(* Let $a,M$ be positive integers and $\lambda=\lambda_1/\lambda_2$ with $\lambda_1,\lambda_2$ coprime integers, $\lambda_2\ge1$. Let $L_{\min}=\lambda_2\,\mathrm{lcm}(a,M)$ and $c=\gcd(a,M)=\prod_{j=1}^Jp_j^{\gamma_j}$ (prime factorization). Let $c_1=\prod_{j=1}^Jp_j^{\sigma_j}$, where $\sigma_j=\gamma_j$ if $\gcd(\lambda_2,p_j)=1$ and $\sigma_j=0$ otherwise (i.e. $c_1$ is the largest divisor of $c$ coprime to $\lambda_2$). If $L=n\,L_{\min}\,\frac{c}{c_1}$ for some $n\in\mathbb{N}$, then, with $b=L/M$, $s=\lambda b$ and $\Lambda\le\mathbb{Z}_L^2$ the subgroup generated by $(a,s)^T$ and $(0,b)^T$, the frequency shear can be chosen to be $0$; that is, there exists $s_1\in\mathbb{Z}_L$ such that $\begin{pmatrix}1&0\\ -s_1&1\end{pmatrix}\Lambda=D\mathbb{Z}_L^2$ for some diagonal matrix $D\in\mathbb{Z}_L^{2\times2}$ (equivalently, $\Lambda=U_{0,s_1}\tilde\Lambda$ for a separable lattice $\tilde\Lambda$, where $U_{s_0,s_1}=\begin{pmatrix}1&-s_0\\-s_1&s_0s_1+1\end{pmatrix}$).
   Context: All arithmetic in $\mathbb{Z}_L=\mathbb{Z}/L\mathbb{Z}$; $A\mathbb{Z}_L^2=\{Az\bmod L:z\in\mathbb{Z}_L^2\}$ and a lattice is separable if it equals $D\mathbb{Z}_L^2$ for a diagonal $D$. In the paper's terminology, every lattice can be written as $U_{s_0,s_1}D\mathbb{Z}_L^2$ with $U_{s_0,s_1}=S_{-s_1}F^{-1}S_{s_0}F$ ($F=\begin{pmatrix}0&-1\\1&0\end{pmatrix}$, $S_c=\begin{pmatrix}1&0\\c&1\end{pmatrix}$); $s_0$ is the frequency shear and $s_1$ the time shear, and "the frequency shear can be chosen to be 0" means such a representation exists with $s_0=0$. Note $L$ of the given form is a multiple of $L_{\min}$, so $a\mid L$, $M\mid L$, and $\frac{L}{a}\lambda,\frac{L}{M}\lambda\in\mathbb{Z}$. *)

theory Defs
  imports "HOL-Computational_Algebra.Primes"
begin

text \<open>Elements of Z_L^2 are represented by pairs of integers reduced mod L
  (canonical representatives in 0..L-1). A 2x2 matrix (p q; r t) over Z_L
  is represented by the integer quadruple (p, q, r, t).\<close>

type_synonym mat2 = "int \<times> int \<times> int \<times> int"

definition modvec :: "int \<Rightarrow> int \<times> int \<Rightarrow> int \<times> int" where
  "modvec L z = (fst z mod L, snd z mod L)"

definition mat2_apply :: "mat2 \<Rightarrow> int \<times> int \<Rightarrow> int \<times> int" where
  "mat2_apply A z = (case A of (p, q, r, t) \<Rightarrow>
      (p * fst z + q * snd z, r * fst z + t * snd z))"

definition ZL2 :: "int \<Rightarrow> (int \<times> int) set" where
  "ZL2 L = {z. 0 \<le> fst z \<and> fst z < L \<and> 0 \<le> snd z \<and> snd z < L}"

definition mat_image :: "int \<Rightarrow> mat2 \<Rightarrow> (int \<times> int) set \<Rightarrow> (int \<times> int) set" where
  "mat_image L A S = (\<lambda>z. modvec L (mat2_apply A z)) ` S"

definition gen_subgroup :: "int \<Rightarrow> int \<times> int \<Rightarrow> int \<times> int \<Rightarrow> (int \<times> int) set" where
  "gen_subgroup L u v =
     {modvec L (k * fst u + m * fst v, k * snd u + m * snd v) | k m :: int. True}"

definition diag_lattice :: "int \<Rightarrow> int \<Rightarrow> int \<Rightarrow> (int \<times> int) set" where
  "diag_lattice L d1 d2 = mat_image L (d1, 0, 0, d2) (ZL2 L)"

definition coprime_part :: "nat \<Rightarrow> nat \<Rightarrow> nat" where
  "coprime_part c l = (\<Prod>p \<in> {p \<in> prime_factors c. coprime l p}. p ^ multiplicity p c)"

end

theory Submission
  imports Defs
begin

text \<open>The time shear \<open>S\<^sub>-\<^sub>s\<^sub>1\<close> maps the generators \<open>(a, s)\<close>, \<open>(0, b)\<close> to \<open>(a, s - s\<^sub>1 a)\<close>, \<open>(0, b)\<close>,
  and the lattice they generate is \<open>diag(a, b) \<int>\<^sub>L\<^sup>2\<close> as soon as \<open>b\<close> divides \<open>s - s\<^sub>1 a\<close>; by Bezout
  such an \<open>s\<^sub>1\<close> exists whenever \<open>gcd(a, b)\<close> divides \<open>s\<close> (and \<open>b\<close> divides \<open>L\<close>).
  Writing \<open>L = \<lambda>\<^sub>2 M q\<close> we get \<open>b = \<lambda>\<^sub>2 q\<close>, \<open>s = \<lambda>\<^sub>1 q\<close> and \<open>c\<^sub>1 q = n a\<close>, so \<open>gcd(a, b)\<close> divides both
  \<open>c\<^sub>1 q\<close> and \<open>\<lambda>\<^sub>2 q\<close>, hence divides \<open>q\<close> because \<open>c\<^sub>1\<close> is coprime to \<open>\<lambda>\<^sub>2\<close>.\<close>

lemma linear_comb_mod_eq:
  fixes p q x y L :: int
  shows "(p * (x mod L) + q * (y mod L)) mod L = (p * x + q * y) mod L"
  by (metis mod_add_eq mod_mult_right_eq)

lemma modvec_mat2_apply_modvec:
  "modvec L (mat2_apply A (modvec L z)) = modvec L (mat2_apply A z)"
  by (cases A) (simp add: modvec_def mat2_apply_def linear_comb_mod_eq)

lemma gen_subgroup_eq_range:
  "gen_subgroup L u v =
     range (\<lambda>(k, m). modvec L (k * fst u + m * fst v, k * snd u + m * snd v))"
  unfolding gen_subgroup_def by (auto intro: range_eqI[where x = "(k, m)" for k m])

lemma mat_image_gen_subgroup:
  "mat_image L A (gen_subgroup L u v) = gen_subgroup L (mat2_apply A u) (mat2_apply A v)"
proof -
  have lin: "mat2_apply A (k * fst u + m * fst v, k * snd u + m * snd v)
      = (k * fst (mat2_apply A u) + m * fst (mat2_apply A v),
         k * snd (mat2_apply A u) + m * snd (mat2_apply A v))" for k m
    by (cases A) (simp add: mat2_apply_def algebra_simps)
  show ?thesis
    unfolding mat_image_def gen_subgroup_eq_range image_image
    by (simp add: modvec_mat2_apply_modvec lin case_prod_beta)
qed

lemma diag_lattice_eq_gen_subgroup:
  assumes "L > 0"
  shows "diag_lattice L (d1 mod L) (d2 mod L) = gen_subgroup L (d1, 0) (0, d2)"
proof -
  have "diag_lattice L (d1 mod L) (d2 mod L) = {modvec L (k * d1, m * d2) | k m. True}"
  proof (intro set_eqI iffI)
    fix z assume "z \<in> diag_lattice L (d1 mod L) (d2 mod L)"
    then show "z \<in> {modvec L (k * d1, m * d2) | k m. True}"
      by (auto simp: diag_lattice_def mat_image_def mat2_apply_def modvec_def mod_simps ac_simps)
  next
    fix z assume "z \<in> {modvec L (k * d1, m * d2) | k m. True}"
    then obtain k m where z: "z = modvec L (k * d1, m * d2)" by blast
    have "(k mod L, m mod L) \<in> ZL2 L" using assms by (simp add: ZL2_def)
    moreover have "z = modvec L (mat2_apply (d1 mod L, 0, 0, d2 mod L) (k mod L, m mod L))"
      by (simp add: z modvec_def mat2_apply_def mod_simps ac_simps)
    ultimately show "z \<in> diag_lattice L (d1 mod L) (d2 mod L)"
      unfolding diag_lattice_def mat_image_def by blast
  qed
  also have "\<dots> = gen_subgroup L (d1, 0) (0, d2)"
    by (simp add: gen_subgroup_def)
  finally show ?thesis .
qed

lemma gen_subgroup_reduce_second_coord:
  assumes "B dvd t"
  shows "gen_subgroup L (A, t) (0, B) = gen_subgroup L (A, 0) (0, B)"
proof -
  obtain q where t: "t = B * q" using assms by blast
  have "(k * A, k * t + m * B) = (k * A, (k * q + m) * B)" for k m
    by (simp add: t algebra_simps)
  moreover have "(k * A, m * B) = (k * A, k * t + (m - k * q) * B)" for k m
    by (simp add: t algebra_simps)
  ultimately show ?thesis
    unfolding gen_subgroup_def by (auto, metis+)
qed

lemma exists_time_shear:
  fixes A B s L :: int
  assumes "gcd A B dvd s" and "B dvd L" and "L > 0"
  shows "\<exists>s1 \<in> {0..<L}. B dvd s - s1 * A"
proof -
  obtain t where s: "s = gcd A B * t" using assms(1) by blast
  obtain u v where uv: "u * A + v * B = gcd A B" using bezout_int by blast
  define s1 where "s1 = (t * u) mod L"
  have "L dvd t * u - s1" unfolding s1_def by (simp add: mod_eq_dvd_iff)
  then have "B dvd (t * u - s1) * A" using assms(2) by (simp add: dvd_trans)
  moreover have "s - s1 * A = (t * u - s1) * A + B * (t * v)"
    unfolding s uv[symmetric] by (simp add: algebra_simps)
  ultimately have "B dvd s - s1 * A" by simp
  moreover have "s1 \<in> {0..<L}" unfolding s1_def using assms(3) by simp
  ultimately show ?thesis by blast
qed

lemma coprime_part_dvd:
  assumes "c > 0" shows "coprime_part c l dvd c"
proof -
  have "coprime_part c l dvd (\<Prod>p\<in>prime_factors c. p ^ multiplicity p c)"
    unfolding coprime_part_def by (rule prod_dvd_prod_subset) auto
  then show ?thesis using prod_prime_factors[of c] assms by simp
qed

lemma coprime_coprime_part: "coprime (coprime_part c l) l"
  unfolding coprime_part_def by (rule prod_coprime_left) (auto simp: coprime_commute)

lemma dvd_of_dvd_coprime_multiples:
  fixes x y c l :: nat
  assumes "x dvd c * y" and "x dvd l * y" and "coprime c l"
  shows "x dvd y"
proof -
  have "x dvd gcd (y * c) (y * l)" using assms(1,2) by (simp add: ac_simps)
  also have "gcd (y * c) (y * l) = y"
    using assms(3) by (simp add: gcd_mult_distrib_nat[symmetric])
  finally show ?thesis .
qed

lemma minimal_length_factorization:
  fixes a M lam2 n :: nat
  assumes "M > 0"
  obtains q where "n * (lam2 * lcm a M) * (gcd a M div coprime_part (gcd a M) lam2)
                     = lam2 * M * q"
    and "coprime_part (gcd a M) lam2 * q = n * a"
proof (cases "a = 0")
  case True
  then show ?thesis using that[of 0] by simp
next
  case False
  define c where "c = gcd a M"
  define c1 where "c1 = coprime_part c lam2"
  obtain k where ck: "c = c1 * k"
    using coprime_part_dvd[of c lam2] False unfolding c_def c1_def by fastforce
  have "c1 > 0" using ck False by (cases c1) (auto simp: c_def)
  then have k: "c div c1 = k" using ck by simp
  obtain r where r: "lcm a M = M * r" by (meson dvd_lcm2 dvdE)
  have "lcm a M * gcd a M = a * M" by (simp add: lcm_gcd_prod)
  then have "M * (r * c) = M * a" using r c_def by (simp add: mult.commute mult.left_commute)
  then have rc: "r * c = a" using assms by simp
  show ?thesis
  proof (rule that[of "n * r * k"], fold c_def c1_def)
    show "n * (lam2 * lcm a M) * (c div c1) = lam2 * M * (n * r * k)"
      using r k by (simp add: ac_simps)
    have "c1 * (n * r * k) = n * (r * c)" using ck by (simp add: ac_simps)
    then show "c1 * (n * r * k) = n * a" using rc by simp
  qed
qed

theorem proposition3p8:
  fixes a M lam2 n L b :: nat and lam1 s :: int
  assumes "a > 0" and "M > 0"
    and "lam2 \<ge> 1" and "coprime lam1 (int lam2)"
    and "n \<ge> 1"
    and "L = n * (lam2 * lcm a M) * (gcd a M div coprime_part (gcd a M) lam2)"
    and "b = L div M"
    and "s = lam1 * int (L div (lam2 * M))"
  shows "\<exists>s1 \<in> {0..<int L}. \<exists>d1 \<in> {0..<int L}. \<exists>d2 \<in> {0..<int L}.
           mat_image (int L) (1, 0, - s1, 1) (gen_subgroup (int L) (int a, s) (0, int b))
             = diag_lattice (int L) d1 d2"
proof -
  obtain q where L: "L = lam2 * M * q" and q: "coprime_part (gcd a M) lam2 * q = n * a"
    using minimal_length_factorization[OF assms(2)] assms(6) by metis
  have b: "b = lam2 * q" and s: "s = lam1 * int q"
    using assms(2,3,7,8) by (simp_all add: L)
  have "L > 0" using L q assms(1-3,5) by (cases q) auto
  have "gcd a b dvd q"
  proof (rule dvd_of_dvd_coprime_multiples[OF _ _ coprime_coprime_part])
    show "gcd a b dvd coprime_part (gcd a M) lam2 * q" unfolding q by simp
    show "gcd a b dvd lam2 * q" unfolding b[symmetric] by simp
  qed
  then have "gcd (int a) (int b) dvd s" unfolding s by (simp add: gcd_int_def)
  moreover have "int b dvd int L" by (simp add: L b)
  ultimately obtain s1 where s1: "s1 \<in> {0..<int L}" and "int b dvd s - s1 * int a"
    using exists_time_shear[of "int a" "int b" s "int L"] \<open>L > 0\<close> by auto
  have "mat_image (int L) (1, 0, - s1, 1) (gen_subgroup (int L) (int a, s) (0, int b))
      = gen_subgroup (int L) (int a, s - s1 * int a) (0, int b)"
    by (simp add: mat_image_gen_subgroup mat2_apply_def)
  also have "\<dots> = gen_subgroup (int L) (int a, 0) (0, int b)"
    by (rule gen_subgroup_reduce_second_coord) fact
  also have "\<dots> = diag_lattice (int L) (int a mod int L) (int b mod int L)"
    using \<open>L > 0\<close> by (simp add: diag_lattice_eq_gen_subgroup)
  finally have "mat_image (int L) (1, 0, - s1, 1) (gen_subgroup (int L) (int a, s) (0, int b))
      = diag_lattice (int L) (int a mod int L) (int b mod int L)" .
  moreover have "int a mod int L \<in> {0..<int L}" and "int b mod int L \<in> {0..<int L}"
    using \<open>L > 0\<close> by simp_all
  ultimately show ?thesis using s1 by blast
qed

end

▸ ASSIGNMENT
Wherever a line in the data above holds the word "metis", copy that line.

▸ REPLY TO THE EXERCISE
  by (metis mod_add_eq mod_mult_right_eq)
    unfolding gen_subgroup_def by (auto, metis+)
    using minimal_length_factorization[OF assms(2)] assms(6) by metis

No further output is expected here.